What does this dramatic advancement in machine capability mean for the future of human expertise? Although AI is a novel force, it has a notable historical parallel in its economic implications, albeit in a direction opposite to current trends.
Remember, the emergence of pre-AI computing enhanced the value and impact of professional decision-makers by making information gathering and organization faster. At the same time, it reduced the value of the procedural expertise that many middle-skill workers relied on.
Now, envision a technology that could reverse this dynamic: What would it look like? Such a technology would bolster and expand judgment capabilities, enabling a broader range of non-elite workers to participate in high-stakes decision-making. It would also challenge the exclusive control that professionals such as doctors, lawyers, software engineers, and professors have over their respective fields.
Artificial Intelligence represents this transformative technology. By offering decision support through real-time guidance and safeguards, AI could empower a wider group of workers, those with relevant but not necessarily advanced academic credentials, to undertake tasks traditionally reserved for highly trained experts. This shift could enhance job quality for non-college-educated workers, reduce earnings inequality, and, mirroring the Industrial Revolution’s impact on consumer goods, decrease the cost of essential services like healthcare, education, and legal advice.
The analogy with mass production is apt here. Just as mass production significantly lowered the cost of consumer goods, the current challenge lies in addressing the steeply rising costs of vital services like healthcare, higher education, and legal services, which are dominated by guilds of highly educated professionals.
Economists Emily Dohrman and Bruce Fallick from the Federal Reserve Bank have noted that over the past four decades, the costs of healthcare and education have increased by approximately 200% and 600%, respectively, relative to U.S. household incomes. These rising costs are partly due to the increasing expense of employing elite decision-makers, whose expertise—being both essential and rare—commands a substantial premium.
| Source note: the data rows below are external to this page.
(* Under the standing setting below, assume moreover the regularity condition: there exists $c_r>0$ with $\|\nabla_y g(x,y)\|\le c_r\|\nabla h(x,y)\|$ for all $(x,y)$. Take $\rho(x,y)=\|\nabla h(x,y)\|^2$ and $C_0>0$; for an integer $K\ge1$ set $\alpha=K^{-1/3}$, $\gamma=\min\{\alpha,\frac{1}{L_f+\alpha L_h}\}$, let $(x_0,y_0)$ satisfy $h(x_0,y_0)\le\alpha^2C_0$, and run the Algorithm. Then for every $\epsilon>0$ there is $K=\mathcal{O}(\epsilon^{-3/2})$ such that some $t\in\{0,\dots,K-1\}$ satisfies $$\max\{\|\nabla_y g(x_t,y_t)\|^2,\ \|\nabla f_t+\lambda_t\nabla h_t\|^2\}\le\epsilon,$$ i.e. $(x_t,y_t,\lambda_t)$ is an $\epsilon$-KKT point of $\min_{(x,y)} f(x,y)$ s.t. $h(x,y)=0$.
   Context: Standing setting. $f,g:\mathbb{R}^n\times\mathbb{R}^m\to\mathbb{R}$. $f$ is continuously differentiable, $\bar f:=\inf f>-\infty$, $\nabla f$ is $L_f$-Lipschitz, and $\|\nabla f\|\le C_f$ everywhere. $g$ is twice continuously differentiable, and $h(x,y):=\|\nabla_y g(x,y)\|^2$ is continuously differentiable with $\nabla h$ being $L_h$-Lipschitz ($L_h>0$). Write $\nabla h=(\nabla_x h,\nabla_y h)$, $f_k=f(x_k,y_k)$, $h_k=h(x_k,y_k)$, $\nabla f_k=\nabla f(x_k,y_k)$, $\nabla h_k=\nabla h(x_k,y_k)$, etc. Given $\rho\ge0$, $\alpha,\gamma>0$, $(x_0,y_0)$, the Algorithm iterates for $k\ge0$: $\lambda_k=\big[-\nabla_x h_k^\top\nabla_x f_k-\nabla_y h_k^\top\nabla_y f_k+\alpha\rho(x_k,y_k)\big]_+/(\|\nabla_x h_k\|^2+\|\nabla_y h_k\|^2)$ if $\nabla h_k\ne0$, $\lambda_k=0$ otherwise; $\Delta_k^x=-\nabla_x f_k-\lambda_k\nabla_x h_k$, $\Delta_k^y=-\nabla_y f_k-\lambda_k\nabla_y h_k$; $x_{k+1}=x_k+\gamma\Delta_k^x$, $y_{k+1}=y_k+\gamma\Delta_k^y$. A triple $(x,y,\lambda)\in\mathbb{R}^n\times\mathbb{R}^m\times\mathbb{R}$ is an $\epsilon$-KKT point of $\min f$ s.t. $h=0$ if $h(x,y)\le\epsilon$ and $\|\nabla f(x,y)+\lambda\nabla h(x,y)\|^2\le\epsilon$. *)

theory Defs
  imports "HOL-Analysis.Analysis"
begin

definition alg_lambda ::
  "('p \<Rightarrow> ('a::real_inner \<times> 'b::real_inner)) \<Rightarrow> ('p \<Rightarrow> 'a \<times> 'b) \<Rightarrow> ('p \<Rightarrow> real) \<Rightarrow> real \<Rightarrow> 'p \<Rightarrow> real"
where
  "alg_lambda Df Dh \<rho> \<alpha> p =
     (if Dh p \<noteq> 0 then
        max 0 (- (fst (Dh p) \<bullet> fst (Df p)) - (snd (Dh p) \<bullet> snd (Df p)) + \<alpha> * \<rho> p)
          / ((norm (fst (Dh p)))\<^sup>2 + (norm (snd (Dh p)))\<^sup>2)
      else 0)"

primrec alg_iter ::
  "('a::real_inner \<times> 'b::real_inner \<Rightarrow> 'a \<times> 'b) \<Rightarrow> ('a \<times> 'b \<Rightarrow> 'a \<times> 'b) \<Rightarrow> ('a \<times> 'b \<Rightarrow> real)
     \<Rightarrow> real \<Rightarrow> real \<Rightarrow> 'a \<times> 'b \<Rightarrow> nat \<Rightarrow> 'a \<times> 'b"
where
  "alg_iter Df Dh \<rho> \<alpha> \<gamma> p0 0 = p0"
| "alg_iter Df Dh \<rho> \<alpha> \<gamma> p0 (Suc k) =
     (let p = alg_iter Df Dh \<rho> \<alpha> \<gamma> p0 k;
          l = alg_lambda Df Dh \<rho> \<alpha> p;
          dx = - fst (Df p) - l *\<^sub>R fst (Dh p);
          dy = - snd (Df p) - l *\<^sub>R snd (Dh p)
      in (fst p + \<gamma> *\<^sub>R dx, snd p + \<gamma> *\<^sub>R dy))"

end

theory Submission
  imports Defs
begin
AI holds the promise of reducing healthcare costs by diminishing the scarcity of expertise—essentially, by enabling a greater number of workers to perform tasks that have traditionally required expert knowledge.
To illustrate this point more tangibly, let’s consider the role of the Nurse Practitioner (NP). NPs are Registered Nurses (RNs) who, after earning an additional master’s degree, are qualified to perform functions that were previously exclusive to physicians, such as administering and interpreting diagnostic tests, assessing and diagnosing patients, and prescribing medications.
From 2011 to 2022, the employment of NPs nearly tripled to about 224,000, and is expected to grow by around 40% over the next decade, which is significantly higher than the national average. In 2022, the median annual salary for an NP was $125,900.
Nurse Practitioners embody elite decision-makers. Their role requires a blend of procedural expertise and expert judgment to address unique patient cases where the need for careful decision-making is critical.
The relevance of the NP profession in this discussion lies in its demonstration of how high-stakes professional tasks—diagnosing, treating, and prescribing—have been redistributed from the most elite professionals (MDs) to another group of professionals (NPs) who possess significant but comparatively less formal expertise and training.
What facilitated the redistribution of these elite decision-making responsibilities? Primarily, the change was institutional. In the early 1960s, facing a shortage of primary care physicians and recognizing the underutilized capabilities of registered nurses, a group of nurses and doctors created the NP role to address these gaps.
This shift necessitated the creation of new training programs, the establishment of certification standards, and a challenging overhaul of medical practice regulations, which involved ongoing negotiations with the American Medical Association, the primary lobbying group for physicians.
A secondary but vital factor in this evolution was the role of information and computing technology (ICT). A 2012 study highlighted how ICT supports the advanced practice dimensions of NPs. The availability and completeness of electronic patient information have enhanced the timeliness and quality of diagnostic and therapeutic decisions, thereby expediting patient access to appropriate care. Additionally, centralized patient data has improved the quality of communication between healthcare professionals.
This example not only shows how AI and related technologies can extend the reach of expertise and reduce costs but also illustrates the potential for these technologies to transform traditional roles in sectors like healthcare, making high-level medical care more accessible and affordable.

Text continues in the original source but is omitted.